::: STORED DATA :::

lemma pmf_gen_steps_Suc_ge:
  assumes "B \<subseteq> tour" and "card B < n"
  shows "(\<Sum>e\<in>tour - B. pmf (weighted_choice (admissible n B) (edge_weight (PiH n tour))) e
                         * pmf (gen_steps n (PiH n tour) m (insert e B)) tour)
           \<le> pmf (gen_steps n (PiH n tour) (Suc m) B) tour"
proof -
  define A where "A = admissible n B"
  define w where "w = edge_weight (PiH n tour)"
  let ?next = "\<lambda>e. gen_steps n (PiH n tour) m (insert e B)"
  have fin_A: "finite A" unfolding A_def by (rule finite_admissible)
  have tour_A: "tour - B \<subseteq> A" unfolding A_def using tour_minus_subset_admissible[OF assms(1)] .
  moreover have "B \<noteq> tour" using assms(2) card_tour by auto
  then have "tour - B \<noteq> {}" using assms(1) by auto
  ultimately have A_ne: "A \<noteq> {}" by blast
  have "\<not> ham_cycle n B" using assms(2) card_ham_cycle by fastforce
  then have step: "gen_steps n (PiH n tour) (Suc m) B = bind_pmf (weighted_choice A w) ?next"
    using A_ne unfolding A_def w_def by simp
  have "set_pmf (weighted_choice A w) \<subseteq> A"
    using fin_A A_ne by (rule set_pmf_weighted_choice)
      (use n_ge_3 edge_weight_PiH_pos in \<open>auto simp: A_def w_def admissible_def\<close>)
  then have "pmf (gen_steps n (PiH n tour) (Suc m) B) tour
               = (\<Sum>e\<in>A. pmf (weighted_choice A w) e * pmf (?next e) tour)"
    unfolding step using fin_A by (rule pmf_bind_finite_support[rotated])
  moreover have "(\<Sum>e\<in>tour - B. pmf (weighted_choice A w) e * pmf (?next e) tour)
                   \<le> (\<Sum>e\<in>A. pmf (weighted_choice A w) e * pmf (?next e) tour)"
    using fin_A tour_A by (intro sum_mono2) auto
  ultimately show ?thesis unfolding A_def w_def by simp
qed
(* Let $k\ge1$ be odd, $\omega=i\sqrt2$, $\Gamma_2=\mathbf{PSL}(2,\mathbb{Z}[\sqrt{-2}])$, $S=\begin{psmallmatrix}0&-1\\1&0\end{psmallmatrix}$, $T=\begin{psmallmatrix}1&1\\0&1\end{psmallmatrix}$, $T_\omega=\begin{psmallmatrix}1&\omega\\0&1\end{psmallmatrix}$, $U=TS$. Let $C_p(\Gamma_2,V_{k,k})$ be the space of maps $f:\Gamma_2\to V_{k,k}$ with $f(\gamma_1\gamma_2)=f(\gamma_1)|\gamma_2+f(\gamma_2)$ for all $\gamma_1,\gamma_2$ and $f(T)=f(T_\omega)=0$, and $$W_{k,k}=\ker(\mathbf{1}+S)\cap\ker(\mathbf{1}+U+U^2)\cap\ker(\mathbf{1}+ST_\omega+T_\omega S+T_\omega^{-1}ST_\omega S).$$ Then $f\mapsto f(S)$ is a $\mathbb{C}$-linear isomorphism $C_p(\Gamma_2,V_{k,k})\to W_{k,k}$.
   Context: $V_{k,k}$: polynomials $\sum_{0\le i,j\le k}c_{ij}z^i\bar z^j$ over $\mathbb{C}$ with right action $(P|\gamma)(z,\bar z)=(cz+e)^k\overline{(cz+e)}^kP\!\left(\frac{az+b}{cz+e},\frac{\bar a\bar z+\bar b}{\bar c\bar z+\bar e}\right)$ for $\gamma=\begin{psmallmatrix}a&b\\c&e\end{psmallmatrix}$, extended linearly to the group ring; $\ker(X)=\{P:P|X=0\}$. *)

theory Defs
  imports Complex_Main "HOL-Computational_Algebra.Polynomial"
begin

text \<open>2x2 complex matrices (a,b,c,e) standing for the matrix with rows (a b) and (c e).\<close>
type_synonym mat2 = "complex \<times> complex \<times> complex \<times> complex"
lemma cinner_ptrace_A_le_top_eigenvalues:
  fixes M :: "complex ^ ('n::finite \<times> 'm::finite) ^ ('n \<times> 'm)" and ev :: "'i::finite \<Rightarrow> real"
  assumes M: "spectral_decomp ev g M"
    and card_K: "card K = CARD('m)" and ev_top: "\<forall>i\<in>K. \<forall>j\<in>-K. ev j \<le> ev i"
  shows "Re (cinner x (ptrace_A M *v x)) \<le> (\<Sum>i\<in>K. ev i) * (norm x)\<^sup>2"
proof -
  define q where "q N = Re (cinner x (ptrace_A N *v x))" for N :: "complex ^ ('n \<times> 'm) ^ ('n \<times> 'm)"
  have lin: "linear q"
    unfolding q_def
    by (rule linearI)
      (simp_all add: linear_add[OF linear_ptrace_A] linear_scale[OF linear_ptrace_A]
        linear_add[OF linear_cinner_mat] linear_scale[OF linear_cinner_mat])
  define c where "c i = q (outer_mat (g i) (g i))" for i
  have q_M: "q M = (\<Sum>i\<in>UNIV. ev i * c i)"
    using M unfolding spectral_decomp_def c_def by (simp add: linear_sum[OF lin] linear_scale[OF lin])
  have "(\<Sum>i\<in>UNIV. c i) = q (\<Sum>i\<in>UNIV. outer_mat (g i) (g i))"
    unfolding c_def by (simp add: linear_sum[OF lin])
  also have "\<dots> = q (mat 1)"
    using M unfolding spectral_decomp_def by simp
  also have "\<dots> = real (card K) * (norm x)\<^sup>2"
    unfolding q_def ptrace_A_mat card_K
    by (simp add: mat_matrix_vector_mult cinner_scaleC_right cinner_self)
  finally have c_sum: "(\<Sum>i\<in>UNIV. c i) = real (card K) * (norm x)\<^sup>2" .
  have c_nonneg: "\<forall>i\<in>UNIV. 0 \<le> c i"
    unfolding c_def q_def cinner_ptrace_A_outer_mat by (simp add: sum_nonneg)
  have c_le: "\<forall>i\<in>K. c i \<le> (norm x)\<^sup>2"
  proof
    fix i
    have "c i \<le> (norm (g i) * norm x)\<^sup>2"
      unfolding c_def q_def by (rule cinner_ptrace_A_outer_mat_le)
    then show "c i \<le> (norm x)\<^sup>2"
      using M by (simp add: spectral_decomp_def)
  qed
  have "\<forall>i\<in>K. \<forall>j\<in>UNIV - K. ev j \<le> ev i"
    using ev_top by (simp add: Compl_eq_Diff_UNIV)
  from sum_mult_le_top_weights[OF finite_class.finite_UNIV subset_UNIV c_nonneg c_le c_sum this]
  show ?thesis
    using q_M unfolding q_def by simp
qed

section \<open>Qubits\<close>

definition qubit_perp :: "complex ^ 2 \<Rightarrow> complex ^ 2" where
  "qubit_perp u = (\<chi> i. if i = 1 then - cnj (u $ 2) else cnj (u $ 1))"

lemma cinner_qubit_perp: "cinner u (qubit_perp u) = 0"
  unfolding cinner_def qubit_perp_def by (simp add: sum_2)
lemma sol_graph_disconnected_of_two_opposite_columns:
  fixes A :: "nat \<Rightarrow> nat \<Rightarrow> real"
  assumes d: "d > 0" and r: "r \<in> {1..m}" and s: "s \<in> {1..m}"
    and j: "j \<in> {1..n}" and k: "k \<in> {1..n}" and jk: "j \<noteq> k"
    and opp_j: "A r j * A s j < 0" and opp_k: "A r k * A s k < 0"
    and le: "\<bar>A r j\<bar> \<le> \<bar>A r k\<bar>"
  shows "\<exists>b. \<not> sol_graph_connected n (sol_set d m n A b)"
proof -
  define T where "T = {l \<in> {1..n}. A r l * A s l < 0}"
  define \<rho> where "\<rho> l = (if l = k then s else r)" for l
  have sgn_j: "A r j * sgn (A r j) = \<bar>A r j\<bar>" "A s j * sgn (A r j) = - \<bar>A s j\<bar>"
    using mult_sgn_of_opposite[of "A s j" "A r j"] opp_j by (simp_all add: abs_sgn[symmetric] mult.commute)
  have sgn_k: "A s k * sgn (A s k) = \<bar>A s k\<bar>" "A r k * sgn (A s k) = - \<bar>A r k\<bar>"
    using mult_sgn_of_opposite[OF opp_k] by (simp_all add: abs_sgn[symmetric])
  show ?thesis
  proof (rule sol_graph_disconnected_by_blocking_rows[OF d, where T = T and S = "{j, k}" and j\<^sub>0 = j and \<rho> = \<rho>])
    show "T \<subseteq> {1..n}" "{j, k} \<subseteq> T" "j \<in> {j, k}" "\<rho> ` T \<subseteq> {1..m}"
      using j k opp_j opp_k r s by (auto simp: T_def \<rho>_def)
    show "A (\<rho> l) l \<noteq> 0" if "l \<in> T" for l
      using that by (auto simp: T_def \<rho>_def)
    show "(\<forall>i\<in>\<rho> ` T. 0 \<le> A i l) \<or> (\<forall>i\<in>\<rho> ` T. A i l \<le> 0)" if "l \<in> {1..n} - T" for l
    proof -
      have "\<rho> ` T \<subseteq> {r, s}" by (auto simp: \<rho>_def)
      moreover have "0 \<le> A r l * A s l" using that by (auto simp: T_def)
      ultimately show ?thesis by (auto simp: zero_le_mult_iff)
    qed
    show "(\<Sum>l'\<in>{j, k}. A (\<rho> l) l' * sgn (A (\<rho> l') l')) < \<bar>A (\<rho> l) l\<bar>" if "l \<in> T" for l
    proof (cases "l = k")
      case True
      then show ?thesis using jk sgn_j sgn_k opp_j by (auto simp: \<rho>_def)
    next
      case False
      have "A r l \<noteq> 0" using that by (auto simp: T_def)
      then show ?thesis using False jk sgn_j sgn_k le by (auto simp: \<rho>_def)
    qed
  qed
qed

lemma sol_graph_disconnected_of_cyclic_triple:
  fixes A :: "nat \<Rightarrow> nat \<Rightarrow> real"
  assumes d: "d > 0" and rows: "{p, q, t} \<subseteq> {1..m}" and cols: "{\<alpha>, \<beta>, \<gamma>} \<subseteq> {1..n}"
    and \<alpha>: "A t \<alpha> = 0" "A p \<alpha> * A q \<alpha> < 0"
    and \<beta>: "A p \<beta> = 0" "A q \<beta> * A t \<beta> < 0"
    and \<gamma>: "A q \<gamma> = 0" "A p \<gamma> * A t \<gamma> < 0"
    and uniform: "\<And>l. l \<in> {1..n} - {\<alpha>, \<beta>, \<gamma>} \<Longrightarrow> (\<forall>i\<in>{p, q, t}. 0 \<le> A i l) \<or> (\<forall>i\<in>{p, q, t}. A i l \<le> 0)"
  shows "\<exists>b. \<not> sol_graph_connected n (sol_set d m n A b)"
proof -
  define \<rho> where "\<rho> l = (if l = \<alpha> then p else if l = \<beta> then q else t)" for l
  have distinct: "\<alpha> \<noteq> \<beta>" "\<alpha> \<noteq> \<gamma>" "\<beta> \<noteq> \<gamma>" using \<alpha> \<beta> \<gamma> by auto
  have image: "\<rho> ` {\<alpha>, \<beta>, \<gamma>} = {p, q, t}" using distinct by (auto simp: \<rho>_def)
  have sgn_\<alpha>: "A p \<alpha> * sgn (A p \<alpha>) = \<bar>A p \<alpha>\<bar>" "A q \<alpha> * sgn (A p \<alpha>) = - \<bar>A q \<alpha>\<bar>"
    using mult_sgn_of_opposite[of "A q \<alpha>" "A p \<alpha>"] \<alpha> by (simp_all add: abs_sgn[symmetric] mult.commute)
  have sgn_\<beta>: "A q \<beta> * sgn (A q \<beta>) = \<bar>A q \<beta>\<bar>" "A t \<beta> * sgn (A q \<beta>) = - \<bar>A t \<beta>\<bar>"
    using mult_sgn_of_opposite[of "A t \<beta>" "A q \<beta>"] \<beta> by (simp_all add: abs_sgn[symmetric] mult.commute)
  have sgn_\<gamma>: "A t \<gamma> * sgn (A t \<gamma>) = \<bar>A t \<gamma>\<bar>" "A p \<gamma> * sgn (A t \<gamma>) = - \<bar>A p \<gamma>\<bar>"
    using mult_sgn_of_opposite[of "A p \<gamma>" "A t \<gamma>"] \<gamma> by (simp_all add: abs_sgn[symmetric])
  show ?thesis
  proof (rule sol_graph_disconnected_by_blocking_rows[OF d, where T = "{\<alpha>, \<beta>, \<gamma>}" and S = "{\<alpha>, \<beta>, \<gamma>}" and j\<^sub>0 = \<alpha> and \<rho> = \<rho>])
    show "{\<alpha>, \<beta>, \<gamma>} \<subseteq> {1..n}" "{\<alpha>, \<beta>, \<gamma>} \<subseteq> {\<alpha>, \<beta>, \<gamma>}" "\<alpha> \<in> {\<alpha>, \<beta>, \<gamma>}"
      "\<rho> ` {\<alpha>, \<beta>, \<gamma>} \<subseteq> {1..m}"
      using cols rows image by auto
    show "A (\<rho> l) l \<noteq> 0" if "l \<in> {\<alpha>, \<beta>, \<gamma>}" for l
      using that distinct \<alpha> \<beta> \<gamma> by (auto simp: \<rho>_def)
    show "(\<forall>i\<in>\<rho> ` {\<alpha>, \<beta>, \<gamma>}. 0 \<le> A i l) \<or> (\<forall>i\<in>\<rho> ` {\<alpha>, \<beta>, \<gamma>}. A i l \<le> 0)"
      if "l \<in> {1..n} - {\<alpha>, \<beta>, \<gamma>}" for l
      unfolding image by (rule uniform[OF that])
    show "(\<Sum>l'\<in>{\<alpha>, \<beta>, \<gamma>}. A (\<rho> l) l' * sgn (A (\<rho> l') l')) < \<bar>A (\<rho> l) l\<bar>"
      if "l \<in> {\<alpha>, \<beta>, \<gamma>}" for l
      using that distinct \<alpha> \<beta> \<gamma> sgn_\<alpha> sgn_\<beta> sgn_\<gamma> by (auto simp: \<rho>_def)
  qed
qed

definition stuck :: "nat \<Rightarrow> (nat \<Rightarrow> nat \<Rightarrow> real) \<Rightarrow> nat set \<Rightarrow> bool" where
  "stuck m A J \<longleftrightarrow> J \<noteq> {} \<and> (\<forall>j\<in>J. \<not> can_elim m A J j)"

lemma elim_list_if_no_stuck_subset:
  assumes "finite K" and "\<And>J. J \<subseteq> K \<Longrightarrow> \<not> stuck m A J"
  shows "\<exists>js. distinct js \<and> set js = K \<and> (\<forall>t<card K. can_elim m A (K - set (take t js)) (js ! t))"
  using assms
proof (induction "card K" arbitrary: K)
  case 0
  then show ?case by (intro exI[of _ "[]"]) simp
next
  case (Suc c K)
  then have "K \<noteq> {}" by auto
  then obtain j where j: "j \<in> K" "can_elim m A K j" using Suc.prems(2)[of K] by (auto simp: stuck_def)
  have "\<exists>js. distinct js \<and> set js = K - {j} \<and>
      (\<forall>t<card (K - {j}). can_elim m A (K - {j} - set (take t js)) (js ! t))"
    by (rule Suc.hyps(1)) (use Suc.hyps(2) Suc.prems j(1) in auto)
  then obtain js where js: "distinct js" "set js = K - {j}"
    and elim: "\<forall>t<card (K - {j}). can_elim m A (K - {j} - set (take t js)) (js ! t)"
    by blast
  show ?case
  proof (intro exI[of _ "j # js"] conjI allI impI)
    show "distinct (j # js)" "set (j # js) = K" using js j by auto
    fix t assume t: "t < card K"
    show "can_elim m A (K - set (take t (j # js))) ((j # js) ! t)"
    proof (cases t)
      case 0
      then show ?thesis using j by simp
    next
      case (Suc t')
      then have "t' < card (K - {j})" using t j Suc.prems(1) by auto
      then have "can_elim m A (K - {j} - set (take t' js)) (js ! t')" using elim by blast
      moreover have "K - set (take t (j # js)) = K - {j} - set (take t' js)" using Suc by auto
      ultimately show ?thesis using Suc by simp
    qed
  qed
qed

lemma stuck_subset_if_no_elim_ordering:
  assumes "\<not> (\<exists>js. elim_ordering m n A js)"
  obtains J where "J \<subseteq> {1..n}" "stuck m A J"
proof (rule ccontr)
  assume "\<not> thesis"
  then have "\<And>J. J \<subseteq> {1..n} \<Longrightarrow> \<not> stuck m A J" using that by blast
  then obtain js where "distinct js" "set js = {1..n}"
    "\<forall>t<card {1..n}. can_elim m A ({1..n} - set (take t js)) (js ! t)"
    using elim_list_if_no_stuck_subset[of "{1..n}" m A] by blast
  then have "elim_ordering m n A js" by (simp add: elim_ordering_def)
  with assms show False by blast
qed

lemma stuck_columnE:
  assumes "stuck m A J" "c \<in> J"
  obtains p q c1 c2 where "p \<in> {1..m}" "A p c > 0" "c1 \<in> J - {c}" "A p c1 \<noteq> 0"
    and "q \<in> {1..m}" "A q c < 0" "c2 \<in> J - {c}" "A q c2 \<noteq> 0"
proof -
  have "\<not> can_elim m A J c" using assms by (simp add: stuck_def)
  then have "(\<exists>p\<in>{1..m}. A p c > 0 \<and> (\<exists>c1\<in>J - {c}. A p c1 \<noteq> 0)) \<and>
      (\<exists>q\<in>{1..m}. A q c < 0 \<and> (\<exists>c2\<in>J - {c}. A q c2 \<noteq> 0))"
    using assms(2) unfolding can_elim_def by blast
  then show ?thesis using that by blast
qed

lemma stuck_column_opposite:
  assumes "stuck m A J" "c \<in> J" "A i c \<noteq> 0"
  obtains i' where "i' \<in> {1..m}" "A i c * A i' c < 0"
proof -
  obtain p q where "p \<in> {1..m}" "A p c > 0" "q \<in> {1..m}" "A q c < 0"
    using stuck_columnE[OF assms(1,2)] by metis
  then show ?thesis using that assms(3) by (cases "A i c > 0") (auto simp: mult_less_0_iff)
qed

definition opposite_signs_unique :: "nat \<Rightarrow> nat \<Rightarrow> (nat \<Rightarrow> nat \<Rightarrow> real) \<Rightarrow> bool" where
  "opposite_signs_unique m n A \<longleftrightarrow> (\<forall>r\<in>{1..m}. \<forall>s\<in>{1..m}. \<forall>j\<in>{1..n}. \<forall>k\<in>{1..n}.
     A r j * A s j < 0 \<longrightarrow> A r k * A s k < 0 \<longrightarrow> j = k)"

lemma opposite_signs_uniqueD:
  assumes "opposite_signs_unique m n A" "r \<in> {1..m}" "s \<in> {1..m}" "j \<in> {1..n}" "k \<in> {1..n}"
    "A r j * A s j < 0" "A r k * A s k < 0"
  shows "j = k"
  using assms unfolding opposite_signs_unique_def by blast

lemma third_rowE:
  fixes p q :: nat
  assumes "p \<in> {1..3}" "q \<in> {1..3}" "p \<noteq> q"
  obtains t where "{1..3} = {p, q, t}"
proof (rule that[of "6 - p - q"])
  have "p = 1 \<or> p = 2 \<or> p = 3" "q = 1 \<or> q = 2 \<or> q = 3" using assms(1,2) by auto
  then show "{1..3} = {p, q, 6 - p - q}" using assms(3) by auto
qed

lemma stuck_witness_opposite_third_row:
  fixes A :: "nat \<Rightarrow> nat \<Rightarrow> real"
  assumes uniq: "opposite_signs_unique 3 n A" and J: "stuck 3 A J" "J \<subseteq> {1..n}"
    and c: "c \<in> J" and c': "c' \<in> J - {c}" and rows: "{1..3} = {p, q, t}"
    and pq: "A p c * A q c < 0" and p: "A p c' \<noteq> 0"
  shows "A p c' * A t c' < 0"
proof -
  obtain w where w: "w \<in> {1..3}" "A p c' * A w c' < 0"
    using stuck_column_opposite[OF J(1) _ p] c' by blast
  have "w \<noteq> p"
  proof
    assume "w = p"
    with w(2) show False by (simp add: not_square_less_zero)
  qed
  moreover have "w \<noteq> q"
  proof
    assume "w = q"
    with w(2) have "A p c' * A q c' < 0" by simp
    moreover have "p \<in> {1..3}" "q \<in> {1..3}" by (simp_all only: rows insertI1 insertI2)
    moreover have "c \<in> {1..n}" "c' \<in> {1..n}" using c c' J(2) by auto
    ultimately have "c = c'" using opposite_signs_uniqueD[OF uniq _ _ _ _ pq] by metis
    with c' show False by simp
  qed
  moreover have "w \<in> {p, q, t}" using w(1) by (simp only: rows)
  ultimately show ?thesis using w(2) by auto
qed

lemma stuck_column_structure:
  fixes A :: "nat \<Rightarrow> nat \<Rightarrow> real"
  assumes uniq: "opposite_signs_unique 3 n A" and J: "stuck 3 A J" "J \<subseteq> {1..n}" and c: "c \<in> J"
  obtains p q t c1 c2 where "{1..3} = {p, q, t}" "A p c > 0" "A q c < 0" "A t c = 0"
    and "c1 \<in> J" "A p c1 * A t c1 < 0" and "c2 \<in> J" "A q c2 * A t c2 < 0"
proof -
  obtain p q c1 c2 where p: "p \<in> {1..3}" "A p c > 0" and c1: "c1 \<in> J - {c}" "A p c1 \<noteq> 0"
    and q: "q \<in> {1..3}" "A q c < 0" and c2: "c2 \<in> J - {c}" "A q c2 \<noteq> 0"
    by (rule stuck_columnE[OF J(1) c])
  have "p \<noteq> q" using p q by auto
  then obtain t where rows: "{1..3} = {p, q, t}" using third_rowE[OF p(1) q(1)] by blast
  have pq: "A p c * A q c < 0" "A q c * A p c < 0" using p q by (simp_all add: mult_pos_neg mult_neg_pos)
  have c1t: "A p c1 * A t c1 < 0"
    by (rule stuck_witness_opposite_third_row[OF uniq J c c1(1) rows pq(1) c1(2)])
  have c2t: "A q c2 * A t c2 < 0"
    by (rule stuck_witness_opposite_third_row[OF uniq J c c2(1) _ pq(2) c2(2)])
      (simp only: rows insert_commute[of p q])
  have t: "t \<in> {1..3}" by (simp only: rows insertI1 insertI2)
  have cols: "c \<in> {1..n}" "c1 \<in> {1..n}" "c2 \<in> {1..n}" using c c1 c2 J(2) by auto
  have "A t c = 0"
  proof (rule ccontr)
    assume "A t c \<noteq> 0"
    then consider "A t c > 0" | "A t c < 0" by linarith
    then show False
    proof cases
      case 1
      then have "A q c * A t c < 0" using q(2) by (simp add: mult_neg_pos)
      then have "c = c2" by (rule opposite_signs_uniqueD[OF uniq q(1) t cols(1,3) _ c2t])
      with c2(1) show False by simp
    next
      case 2
      then have "A p c * A t c < 0" using p(2) by (simp add: mult_pos_neg)
      then have "c = c1" by (rule opposite_signs_uniqueD[OF uniq p(1) t cols(1,2) _ c1t])
      with c1(1) show False by simp
    qed
  qed
  moreover have "c1 \<in> J" "c2 \<in> J" using c1(1) c2(1) by simp_all
  ultimately show ?thesis using that[OF rows p(2) q(2)] c1t c2t by blast
qed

:::

ACTIVITY:
Among the entries above, the line containing "by (simp add: mat_matrix_vector_mult", the line containing "using ev_top by", and all lines between them are to be restated word for word; nothing else belongs in the reply.

ANSWER BOX:
    by (simp add: mat_matrix_vector_mult cinner_scaleC_right cinner_self)
  finally have c_sum: "(\<Sum>i\<in>UNIV. c i) = real (card K) * (norm x)\<^sup>2" .
  have c_nonneg: "\<forall>i\<in>UNIV. 0 \<le> c i"
    unfolding c_def q_def cinner_ptrace_A_outer_mat by (simp add: sum_nonneg)
  have c_le: "\<forall>i\<in>K. c i \<le> (norm x)\<^sup>2"
  proof
    fix i
    have "c i \<le> (norm (g i) * norm x)\<^sup>2"
      unfolding c_def q_def by (rule cinner_ptrace_A_outer_mat_le)
    then show "c i \<le> (norm x)\<^sup>2"
      using M by (simp add: spectral_decomp_def)
  qed
  have "\<forall>i\<in>K. \<forall>j\<in>UNIV - K. ev j \<le> ev i"
    using ev_top by (simp add: Compl_eq_Diff_UNIV)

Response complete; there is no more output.